Try the following Alexander technique tips to improve style and performance.
Sit on the edge of a table so your lower legs hang over the edge.
Bring back your left leg until it is underneath the table and let it go so it swings forward. It’s important to let it go and not to swing it forward yourself.
Let alternate legs swing with minimal effort and visualise each leg as a pendulum.
Now try a similar experiment with your arms.
Stand and visualise a line from the tip of your shoulders through the biceps, down the arm to your thumbs or just think ‘long arms’.
As with the legs, see if you can get your arms swinging straight and by your side with minimal effort without lifting your shoulders.
These activities will give you the sensation of movement using less effort. So when taking a relaxed walk now think about the steps below:
First locate your hips joints. Stand and use your fingers to trace the bony parts at the front of the pelvis above each leg. Walk your fingers down toward the legs until you find the dent (if you do a shallow squat you will feel where the legs meet the pelvis). This is where your legs should swing from.
Bend your knee and let your lower leg swing through as it did when sitting on the table in the first exercise. As your foot lands imagine you’re stroking the ground with a heel to ball of the foot action.

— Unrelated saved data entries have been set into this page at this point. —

lemma coeffs_Aw_append:
  assumes "w \<in> all_words N" "v \<in> all_words N"
  shows "diag1 (Aw (w @ v)) = diag1 (Aw w) * diag1 (Aw v)"
    and "diag2 (Aw (w @ v)) = diag2 (Aw w) * diag2 (Aw v)"
    and "offdiag (Aw (w @ v)) = diag1 (Aw w) * offdiag (Aw v) + offdiag (Aw w) * diag2 (Aw v)"
  using preserves_line_mult[OF preserves_line_Aw[OF assms(1)] preserves_line_Aw[OF assms(2)]]
  by (simp_all add: matprod_append)

lemma coeffs_Aw_Cons:
  assumes "i < N" "w \<in> all_words N"
  shows "diag1 (Aw (i # w)) = a i * diag1 (Aw w)" "diag2 (Aw (i # w)) = d i * diag2 (Aw w)"
    "offdiag (Aw (i # w)) = a i * offdiag (Aw w) + b i * diag2 (Aw w)"
  using coeffs_Aw_append[of "[i]" w] assms by (simp_all add: all_words_def)

lemma coeffs_Aw_snoc:
  assumes "i < N" "w \<in> all_words N"
  shows "diag1 (Aw (w @ [i])) = diag1 (Aw w) * a i" "diag2 (Aw (w @ [i])) = diag2 (Aw w) * d i"
    "offdiag (Aw (w @ [i])) = d i * offdiag (Aw w) + b i * diag1 (Aw w)"
  using coeffs_Aw_append[of w "[i]"] assms by (simp_all add: all_words_def ac_simps)

lemma quasi_multiplicative_if_sv1_le_diag:
  assumes "f = diag1 \<or> f = diag2" and "K > 0"
    and sv1_le: "\<And>w. w \<in> all_words N \<Longrightarrow> sv1 (Aw w) \<le> K * \<bar>f (Aw w)\<bar>"
  shows sv1_quasi_multiplicative
proof -
  have "(1 / K^2) * sv1 (Aw w) * sv1 (Aw v) \<le> sv1 (Aw (w @ [] @ v))"
    if w: "w \<in> all_words N" and v: "v \<in> all_words N" for w v
  proof -
    have "(1 / K^2) * sv1 (Aw w) * sv1 (Aw v) \<le> \<bar>f (Aw w)\<bar> * \<bar>f (Aw v)\<bar>"
      using mult_mono[OF sv1_le[OF w] sv1_le[OF v]] \<open>K > 0\<close>
      by (simp add: power2_eq_square field_simps sv1_nonneg)
    also have "\<dots> = \<bar>f (Aw (w @ v))\<bar>"
      using assms(1) coeffs_Aw_append[OF w v] by (auto simp: abs_mult)
    also have "\<dots> \<le> sv1 (Aw (w @ v))"
      using assms(1) abs_diag1_le_sv1 abs_diag2_le_sv1 by auto
    finally show ?thesis
      by simp
  qed
  then have "\<forall>w\<in>all_words N. \<forall>v\<in>all_words N. \<exists>l\<in>all_words N.
      length l \<le> 0 \<and> (1 / K^2) * sv1 (Aw w) * sv1 (Aw v) \<le> sv1 (Aw (w @ l @ v))"
    by (auto simp: all_words_def)
  then show ?thesis
    unfolding sv1_quasi_multiplicative_def using \<open>K > 0\<close> by (intro exI[of _ 0] exI[of _ "1 / K^2"]) simp
qed

lemma sv1_le_diag2_if_dominant:
  assumes "\<And>i. i < N \<Longrightarrow> \<bar>a i\<bar> < \<bar>d i\<bar>"
  obtains K where "K > 0" "\<And>w. w \<in> all_words N \<Longrightarrow> sv1 (Aw w) \<le> K * \<bar>diag2 (Aw w)\<bar>"
proof -
  obtain E where E: "E \<ge> 0" and step: "\<And>i p q. i < N \<Longrightarrow> \<bar>p\<bar> \<le> E * \<bar>q\<bar> \<Longrightarrow>
      \<bar>a i * p + b i * q\<bar> \<le> E * \<bar>d i * q\<bar>"
    using dominant_diagonal_constant[of "{..<N}" a d b] assms by auto
  have "\<bar>diag1 (Aw w)\<bar> \<le> \<bar>diag2 (Aw w)\<bar> \<and> \<bar>offdiag (Aw w)\<bar> \<le> E * \<bar>diag2 (Aw w)\<bar>"
    if "w \<in> all_words N" for w
    using that
  proof (induction w)
    case (Cons i w)
    then have i: "i < N" and w: "w \<in> all_words N"
      by auto
    have "\<bar>a i * diag1 (Aw w)\<bar> \<le> \<bar>d i * diag2 (Aw w)\<bar>"
      using assms[OF i] Cons.IH[OF w] by (simp add: abs_mult mult_mono)
    moreover have "\<bar>a i * offdiag (Aw w) + b i * diag2 (Aw w)\<bar> \<le> E * \<bar>d i * diag2 (Aw w)\<bar>"
      using step[OF i, of "offdiag (Aw w)" "diag2 (Aw w)"] Cons.IH[OF w] by (simp add: ac_simps)
    ultimately show ?case
      by (simp only: coeffs_Aw_Cons[OF i w])
  qed (simp add: preserves_line_mat1 E)
  then have "sv1 (Aw w) \<le> (2 + E) * \<bar>diag2 (Aw w)\<bar>" if "w \<in> all_words N" for w
    using preserves_line_sv1_le[OF preserves_line_Aw[OF that]] that by (fastforce simp: algebra_simps)
  then show ?thesis
    using E by (intro that[of "2 + E"]) auto
qed

lemma sv1_le_diag1_if_dominant:
  assumes "\<And>i. i < N \<Longrightarrow> \<bar>d i\<bar> < \<bar>a i\<bar>"
  obtains K where "K > 0" "\<And>w. w \<in> all_words N \<Longrightarrow> sv1 (Aw w) \<le> K * \<bar>diag1 (Aw w)\<bar>"
proof -
  obtain E where E: "E \<ge> 0" and step: "\<And>i p q. i < N \<Longrightarrow> \<bar>p\<bar> \<le> E * \<bar>q\<bar> \<Longrightarrow>
      \<bar>d i * p + b i * q\<bar> \<le> E * \<bar>a i * q\<bar>"
    using dominant_diagonal_constant[of "{..<N}" d a b] assms by auto
  have "\<bar>diag2 (Aw w)\<bar> \<le> \<bar>diag1 (Aw w)\<bar> \<and> \<bar>offdiag (Aw w)\<bar> \<le> E * \<bar>diag1 (Aw w)\<bar>"
    if "w \<in> all_words N" for w
    using that
  proof (induction w rule: rev_induct)
    case (snoc i w)
    then have i: "i < N" and w: "w \<in> all_words N"
      by auto
    have "\<bar>diag2 (Aw w) * d i\<bar> \<le> \<bar>diag1 (Aw w) * a i\<bar>"
      using assms[OF i] snoc.IH[OF w] by (simp add: abs_mult mult_mono)
    moreover have "\<bar>d i * offdiag (Aw w) + b i * diag1 (Aw w)\<bar> \<le> E * \<bar>diag1 (Aw w) * a i\<bar>"
      using step[OF i, of "offdiag (Aw w)" "diag1 (Aw w)"] snoc.IH[OF w] by (simp add: ac_simps)
    ultimately show ?case
      by (simp only: coeffs_Aw_snoc[OF i w])
  qed (simp add: preserves_line_mat1 E)
  then have "sv1 (Aw w) \<le> (2 + E) * \<bar>diag1 (Aw w)\<bar>" if "w \<in> all_words N" for w
    using preserves_line_sv1_le[OF preserves_line_Aw[OF that]] that by (fastforce simp: algebra_simps)
  then show ?thesis
    using E by (intro that[of "2 + E"]) auto
qed

end

context reducible_tuple
begin

lemma diag_Aw_replicate:
  assumes "i < N"
  shows "diag1 (Aw (replicate p i)) = a i ^ p" "diag2 (Aw (replicate p i)) = d i ^ p"
proof -
  have "diag1 (Aw (replicate p i)) = a i ^ p \<and> diag2 (Aw (replicate p i)) = d i ^ p"
  proof (induction p)
    case (Suc p)
    then show ?case
      using coeffs_Aw_Cons(1,2)[OF assms replicate_in_all_words[OF assms, of p]] by simp
  qed (simp add: preserves_line_mat1)
  then show "diag1 (Aw (replicate p i)) = a i ^ p" "diag2 (Aw (replicate p i)) = d i ^ p"
    by auto
qed

lemma offdiag_Aw_replicate_le:
  assumes i: "i < N"
  defines "m \<equiv> max \<bar>a i\<bar> \<bar>d i\<bar>"
  shows "m * \<bar>offdiag (Aw (replicate p i))\<bar> \<le> real p * \<bar>b i\<bar> * m ^ p"
proof (induction p)
  case 0
  then show ?case
    by (simp add: preserves_line_mat1)
next
  case (Suc p)
  have m: "\<bar>a i\<bar> \<le> m" "\<bar>d i\<bar> \<le> m" "0 \<le> m"
    by (auto simp: m_def)
  have "m * \<bar>offdiag (Aw (replicate (Suc p) i))\<bar> = m * \<bar>a i * offdiag (Aw (replicate p i)) + b i * d i ^ p\<bar>"
    using coeffs_Aw_Cons(3)[OF i replicate_in_all_words[OF i, of p]] diag_Aw_replicate[OF i, of p] by simp
  also have "\<dots> \<le> m * (\<bar>a i\<bar> * \<bar>offdiag (Aw (replicate p i))\<bar> + \<bar>b i\<bar> * \<bar>d i\<bar> ^ p)"
    using m(3) abs_triangle_ineq[of "a i * offdiag (Aw (replicate p i))" "b i * d i ^ p"]
    by (intro mult_left_mono) (simp_all add: abs_mult power_abs)
  also have "\<dots> = \<bar>a i\<bar> * (m * \<bar>offdiag (Aw (replicate p i))\<bar>) + m * (\<bar>b i\<bar> * \<bar>d i\<bar> ^ p)"
    by (simp add: algebra_simps)
  also have "\<dots> \<le> m * (real p * \<bar>b i\<bar> * m ^ p) + m * (\<bar>b i\<bar> * m ^ p)"
  proof (rule add_mono)
    show "\<bar>a i\<bar> * (m * \<bar>offdiag (Aw (replicate p i))\<bar>) \<le> m * (real p * \<bar>b i\<bar> * m ^ p)"
      using m(3) by (intro mult_mono[OF m(1) Suc m(3)]) simp
    show "m * (\<bar>b i\<bar> * \<bar>d i\<bar> ^ p) \<le> m * (\<bar>b i\<bar> * m ^ p)"
      using m by (intro mult_left_mono power_mono) auto
  qed
  also have "\<dots> = real (Suc p) * \<bar>b i\<bar> * m ^ Suc p"
    by (simp add: algebra_simps)
  finally show ?case .
qed

lemma offdiag_mixed_word_le:
  fixes p q :: nat
  assumes i: "i < N" "\<bar>d i\<bar> \<le> \<bar>a i\<bar>" and j: "j < N" "\<bar>a j\<bar> \<le> \<bar>d j\<bar>"
  defines "K \<equiv> max (\<bar>b i\<bar> / \<bar>a i\<bar>) (\<bar>b j\<bar> / \<bar>d j\<bar>)"
    and "W \<equiv> Aw (replicate q j @ replicate p i)"
  shows "\<bar>offdiag W\<bar> \<le> real (p + q) * K * (\<bar>diag1 W\<bar> + \<bar>diag2 W\<bar>)"
proof -
  define X where "X = Aw (replicate q j)"
  define Y where "Y = Aw (replicate p i)"
  have ai: "\<bar>a i\<bar> > 0" and dj: "\<bar>d j\<bar> > 0"
    using diag_nonzero i j by auto
  have K0: "K \<ge> 0"
    by (simp add: K_def le_max_iff_disj)
  have words: "replicate q j \<in> all_words N" "replicate p i \<in> all_words N"
    using i j by (simp_all add: replicate_in_all_words)
  have "\<bar>a i\<bar> * \<bar>offdiag Y\<bar> \<le> real p * \<bar>b i\<bar> * \<bar>a i\<bar> ^ p"
    using offdiag_Aw_replicate_le[OF i(1), of p] i(2) by (simp add: Y_def max_absorb1)
  then have "\<bar>offdiag Y\<bar> \<le> real p * (\<bar>b i\<bar> / \<bar>a i\<bar>) * \<bar>a i\<bar> ^ p"
    using ai by (simp add: field_simps)
  also have "\<dots> \<le> real p * K * \<bar>a i\<bar> ^ p"
    by (intro mult_right_mono mult_left_mono) (auto simp: K_def)
  finally have Y: "\<bar>offdiag Y\<bar> \<le> real p * K * \<bar>a i\<bar> ^ p" .
  have "\<bar>d j\<bar> * \<bar>offdiag X\<bar> \<le> real q * \<bar>b j\<bar> * \<bar>d j\<bar> ^ q"
    using offdiag_Aw_replicate_le[OF j(1), of q] j(2) by (simp add: X_def max_absorb2)
  then have "\<bar>offdiag X\<bar> \<le> real q * (\<bar>b j\<bar> / \<bar>d j\<bar>) * \<bar>d j\<bar> ^ q"
    using dj by (simp add: field_simps)
  also have "\<dots> \<le> real q * K * \<bar>d j\<bar> ^ q"
    by (intro mult_right_mono mult_left_mono) (auto simp: K_def)
  finally have X: "\<bar>offdiag X\<bar> \<le> real q * K * \<bar>d j\<bar> ^ q" .
  have "\<bar>offdiag W\<bar> = \<bar>a j ^ q * offdiag Y + offdiag X * d i ^ p\<bar>"
    using coeffs_Aw_append(3)[OF words] diag_Aw_replicate i j by (simp add: W_def X_def Y_def)
  also have "\<dots> \<le> \<bar>a j\<bar> ^ q * \<bar>offdiag Y\<bar> + \<bar>offdiag X\<bar> * \<bar>d i\<bar> ^ p"
    by (rule order.trans[OF abs_triangle_ineq]) (simp add: abs_mult power_abs)
  also have "\<dots> \<le> \<bar>a j\<bar> ^ q * (real p * K * \<bar>a i\<bar> ^ p) + (real q * K * \<bar>d j\<bar> ^ q) * \<bar>d i\<bar> ^ p"
    using X Y by (intro add_mono mult_left_mono mult_right_mono) auto
  also have "\<dots> = real p * K * \<bar>diag1 W\<bar> + real q * K * \<bar>diag2 W\<bar>"
    using coeffs_Aw_append(1,2)[OF words] diag_Aw_replicate i j
    by (simp add: W_def abs_mult power_abs)
  also have "\<dots> \<le> real (p + q) * K * (\<bar>diag1 W\<bar> + \<bar>diag2 W\<bar>)"
    using K0 by (simp add: algebra_simps add_mono mult_right_mono)
  finally show ?thesis .
qed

Think ‘walk tall’ but avoid tightening your lower back and pushing out your chest. Relax and let your arms swing from your shoulders and legs swing from your hip joints. Check you’re not lifting your shoulders even when walking at speed.
If you want to increase speed, be careful not to tighten up with the effort. Just let your arms swing a little quicker and your legs will catch up without any sense of extra effort. Try it - it really works!